Emily Shaffer March 15, 2022, 8:48 p.m. UTC | #12
On Thu, Mar 10, 2022 at 03:53:17PM -0800, Glen Choo wrote:
> 
> Glen Choo <chooglen@google.com> writes:
> 
> > Junio C Hamano <gitster@pobox.com> writes:
> >
> >>> diff --git a/builtin/submodule--helper.c b/builtin/submodule--helper.c
> >>> index bef9ab22d4..f53808d995 100644
> >>> --- a/builtin/submodule--helper.c
> >>> +++ b/builtin/submodule--helper.c
> >>> @@ -2672,6 +2677,11 @@ static int run_update_procedure(int argc, const char **argv, const char *prefix)
> >>>                                             &update_data.update_strategy);
> >>>
> >>>         free(prefixed_path);
> >>> +       /*
> >>> +        * This entry point is always called from a submodule, so this is a
> >>> +        * good place to set a hint that this repo is a submodule.
> >>> +        */
> >>> +       git_config_set("submodule.hasSuperproject", "true");
> >>>         return update_submodule2(&update_data);
> >>>  }
> >>
> >> That matched my tentative resolution I made last night, but what do
> >> you think about this part of the test added by the patch?
> >>
> >> diff --git a/t/t7406-submodule-update.sh b/t/t7406-submodule-update.sh
> >> index 11cccbb333..ec2397fc69 100755
> >> --- a/t/t7406-submodule-update.sh
> >> +++ b/t/t7406-submodule-update.sh
> >> @@ -1061,4 +1061,12 @@ test_expect_success 'submodule update --quiet passes quietness to fetch with a s
> >>  	)
> >>  '
> >>  
> >> +test_expect_success 'submodule update adds submodule.hasSuperproject to older repos' '
> >> +	(cd super &&
> >> +	 test_unconfig submodule.hasSuperproject &&
> >> +	 git submodule update &&
> >> +	 test_cmp_config -C submodule true --type=bool submodule.hasSuperproject
> >> +	)
> >> +'
> >> +
> >>  test_done
> >>
> >> We go to "super", make sure that superproject does not have
> >> submodule.hasSuperproject set, run "git submodule update", and see
> >> if the configuration file in "submodule" subdirectory has the
> >> variable set.  It does not clear the variable from the submodule
> >> before starting, so the variable given to the submodule when it was
> >> cloned would be there, even if "git submodule update" failed to set
> >> it.
> >>
> >> I am wondering if it should do something like the attached instead.
> >>
> >> We
> >>
> >>  * clear the variable from "super" and "super/submodule"
> >>    repositories;
> >>
> >>  * run "git submodule update";
> >>
> >>  * ensure that "git submodule update" did not touch "super/.git/config";
> >>
> >>  * ensure that "git submodule update" added the variable to
> >>    "super/submodule/.git/config".
> >>
> >> Clearing the variable from "super" is technically wrong because the
> >> repository is set up as a submodule of "recursivesuper" and if we
> >> had further tests, we should restore it in "super", but the point is
> >> that we are makng sure "git submodule update" sets the variable in
> >> the configuration file of the submodule, and not in the superproject's. 
> >
> > Yes, the test you've described is closer to what I thought the original
> > test was trying to do.

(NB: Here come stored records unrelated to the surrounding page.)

(* Let $C$ be a closed cone with nonempty interior $\operatorname{int} C$ in a real Banach space $X$, and let $f:\operatorname{int} C \to \operatorname{int} C$ be subhomogeneous and type K order-preserving. Suppose that $f$ has a fixed point in $\operatorname{int} C$ and that, for some $x \in \operatorname{int} C$, the norm closure of the orbit $\mathcal{O}(x,f) = \{f^k(x) : k \in \mathbb{N}\}$ is compact. Then the sequence $f^k(x)$ converges (in norm) to a fixed point of $f$.
   Context: A closed cone is a closed convex set $C \subset X$ with $\lambda C \subset C$ for all $\lambda \ge 0$ and $C \cap (-C) = \{0\}$. It induces the partial order $x \le y$ iff $y - x \in C$. A map $f$ on a domain $D\subseteq X$ is order-preserving if $x \le y$ implies $f(x) \le f(y)$; it is subhomogeneous if $f(tx) \le t f(x)$ for all $t \ge 1$ and $x \in D$. A map $f: D \to X$ is type K order-preserving if for any $x, y \in D$ with $x \le y$ there exists $\epsilon > 0$ such that $f(y) - f(x) \ge \epsilon (y - x)$. *)

theory Defs
  imports "HOL-Analysis.Analysis"
begin

definition closed_cone :: "'a::real_normed_vector set \<Rightarrow> bool" where
  "closed_cone C \<longleftrightarrow> closed C \<and> convex C \<and> (\<forall>c::real. \<forall>x\<in>C. c \<ge> 0 \<longrightarrow> c *\<^sub>R x \<in> C)
     \<and> C \<inter> uminus ` C = {0}"

definition cone_le :: "'a::real_normed_vector set \<Rightarrow> 'a \<Rightarrow> 'a \<Rightarrow> bool" where
  "cone_le C x y \<longleftrightarrow> y - x \<in> C"

definition subhomogeneous_on :: "'a::real_normed_vector set \<Rightarrow> 'a set \<Rightarrow> ('a \<Rightarrow> 'a) \<Rightarrow> bool" where
  "subhomogeneous_on C D f \<longleftrightarrow>
     (\<forall>t::real. \<forall>x\<in>D. t \<ge> 1 \<longrightarrow> cone_le C (f (t *\<^sub>R x)) (t *\<^sub>R f x))"

definition typeK_order_preserving_on :: "'a::real_normed_vector set \<Rightarrow> 'a set \<Rightarrow> ('a \<Rightarrow> 'a) \<Rightarrow> bool" where
  "typeK_order_preserving_on C D f \<longleftrightarrow>
     (\<forall>x\<in>D. \<forall>y\<in>D. cone_le C x y \<longrightarrow>
        (\<exists>\<epsilon>::real. \<epsilon> > 0 \<and> cone_le C (\<epsilon> *\<^sub>R (y - x)) (f y - f x)))"

end

theory Submission
  imports Defs
begin

text \<open>
  The \<open>\<omega>\<close>-limit set \<open>\<Omega>\<close> of \<open>x\<close> is compact, lies between two multiples of the fixed point
  \<open>p\<close> (hence in the interior of \<open>C\<close>) and satisfies \<open>f \<Omega> = \<Omega>\<close>. Although \<open>f\<close> need not be
  continuous, it maps the order neighbourhood \<open>[(1 - \<eta>) a, (1 + \<eta>) a]\<close> of \<open>a\<close> into that of
  \<open>f a\<close>, and these neighbourhoods suffice to pass to limits along the orbit.

  Let \<open>A\<close> (\<open>spread\<close> below) be the least \<open>A \<ge> 1\<close> with \<open>u \<le> A v\<close> for all \<open>u, v \<in> \<Omega>\<close>. If \<open>A > 1\<close>,
  compactness and \<open>f \<Omega> = \<Omega>\<close> give \<open>u, v \<in> \<Omega>\<close> such that \<open>f\<^sup>n u \<le> \<beta> f\<^sup>n v\<close> fails for
  every \<open>n\<close> and every \<open>\<beta> < A\<close>. Type K gives \<open>w\<^sub>n\<^sub>+\<^sub>1 \<ge> \<epsilon>\<^sub>n w\<^sub>n\<close> for
  \<open>w\<^sub>n = A f\<^sup>n v - f\<^sup>n u\<close>, so \<open>w\<^sub>N\<close> dominates a multiple of \<open>w\<^sub>0 + \<dots> + w\<^sub>N\<^sub>-\<^sub>1\<close>.
  Since the orbit of \<open>x\<close> keeps returning near \<open>u\<close> and \<open>v\<close>, \<open>v \<ge> \<theta> f\<^sup>m u\<close> for some \<open>m\<close>
  and some \<open>\<theta>\<close> with \<open>A \<theta> > 1\<close>, which makes these partial sums eventually dominate \<open>p\<close>.
  Then \<open>f\<^sup>N u \<le> (A - \<delta>) f\<^sup>N v\<close> for some \<open>\<delta> > 0\<close>, a contradiction. Hence \<open>A = 1\<close>, \<open>\<Omega>\<close> is a
  single point, necessarily fixed, and the orbit converges to it.
\<close>

locale cone_order =
  fixes C :: "'a::real_normed_vector set"
  assumes closed_cone: "closed_cone C"
begin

Seeing this test pass gave me a false sense of
> > confidence hm..
> 
> Correction, seeing the _original_ test pass gave me false sense of
> confidence.
> 
> >> With the conflict resolution above, this "corrected" test fails and
> >> shows that superproject's configuration file is updated after "git
> >> submodule update".
> >>
> >> This series alone, without your topic, this "corrected" test fails,
> >> and that is where my "are we sure we are mucking with the
> >> configuration file in the submodule"? comes from.
> > - Set the config in the submodule even though we are running from the
> >   superproject (this is possible, ensure_core_worktree() does this).
> 
> If it helps, I was able to do this up by copying
> ensure_core_worktree(), and this passes the amended test.
> 
> ----- >8 --------- >8 --------- >8 --------- >8 --------- >8 ----
> 
> diff --git a/builtin/submodule--helper.c b/builtin/submodule--helper.c
> index 4d02dd05ca..3bb7a65762 100644
> --- a/builtin/submodule--helper.c
> +++ b/builtin/submodule--helper.c
> @@ -1838,11 +1838,6 @@ static int clone_submodule(struct module_clone_data *clone_data)
>     git_config_set_in_file(p, "submodule.alternateErrorStrategy",
>               error_strategy);
> 
> -	/*
> -	 * Teach the submodule that it's a submodule.
> -	 */
> -	git_config_set_in_file(p, "submodule.hasSuperproject", "true");
> -
>   free(sm_alternate);
>   free(error_strategy);
> 
> @@ -2560,6 +2555,20 @@ static int update_clone(int argc, const char **argv, const char *prefix)
>   return update_submodules(&suc);
> }
> 
> +static void set_hassuperproject(const char *sm_path)
> +{
> +	struct repository subrepo;
> +	char *cfg_file;
> +
> +	if (repo_submodule_init(&subrepo, the_repository, sm_path, null_oid()))
> +		die(_("could not get a repository handle for submodule '%s'"), sm_path);

Isn't the repo_submodule_init() fairly expensive? I think this is doing
a whole repo_init() call we would not otherwise be doing.... Is it good
enough to generate the config from sm_path, by using
strbuf_repo_worktree_path(), and simply be tolerant of the failure if
<sm-gitdir>/config doesn't exist?

Otherwise, this is a good workaround I think. Thanks.

 - Emily
Emily Shaffer March 15, 2022, 8:56 p.m. UTC | #13
On Tue, Mar 15, 2022 at 01:48:25PM -0700, Emily Shaffer wrote:
> > +static void set_hassuperproject(const char *sm_path)
> > +{
> > +	struct repository subrepo;
> > +	char *cfg_file;
> > +
> > +	if (repo_submodule_init(&subrepo, the_repository, sm_path, null_oid()))
> > +		die(_("could not get a repository handle for submodule '%s'"), sm_path);
> 
> Isn't the repo_submodule_init() fairly expensive? I think this is doing
> a whole repo_init() call we would not otherwise be doing.... Is it good
> enough to generate the config from sm_path, by using
> strbuf_repo_worktree_path(), and simply be tolerant of the failure if
> <sm-gitdir>/config doesn't exist?

Ah, I was misreading the implementation of repo_submodule_init() and I
see now that won't work. I guess it is fine to just invoke
repo_submodule_init() then, unless someone has another idea.
Glen Choo March 15, 2022, 9:19 p.m. UTC | #14
Emily Shaffer <emilyshaffer@google.com> writes:

> On Tue, Mar 15, 2022 at 01:48:25PM -0700, Emily Shaffer wrote:
>> > +static void set_hassuperproject(const char *sm_path)
>> > +{
>> > +	struct repository subrepo;
>> > +	char *cfg_file;
>> > +
>> > +	if (repo_submodule_init(&subrepo, the_repository, sm_path, null_oid()))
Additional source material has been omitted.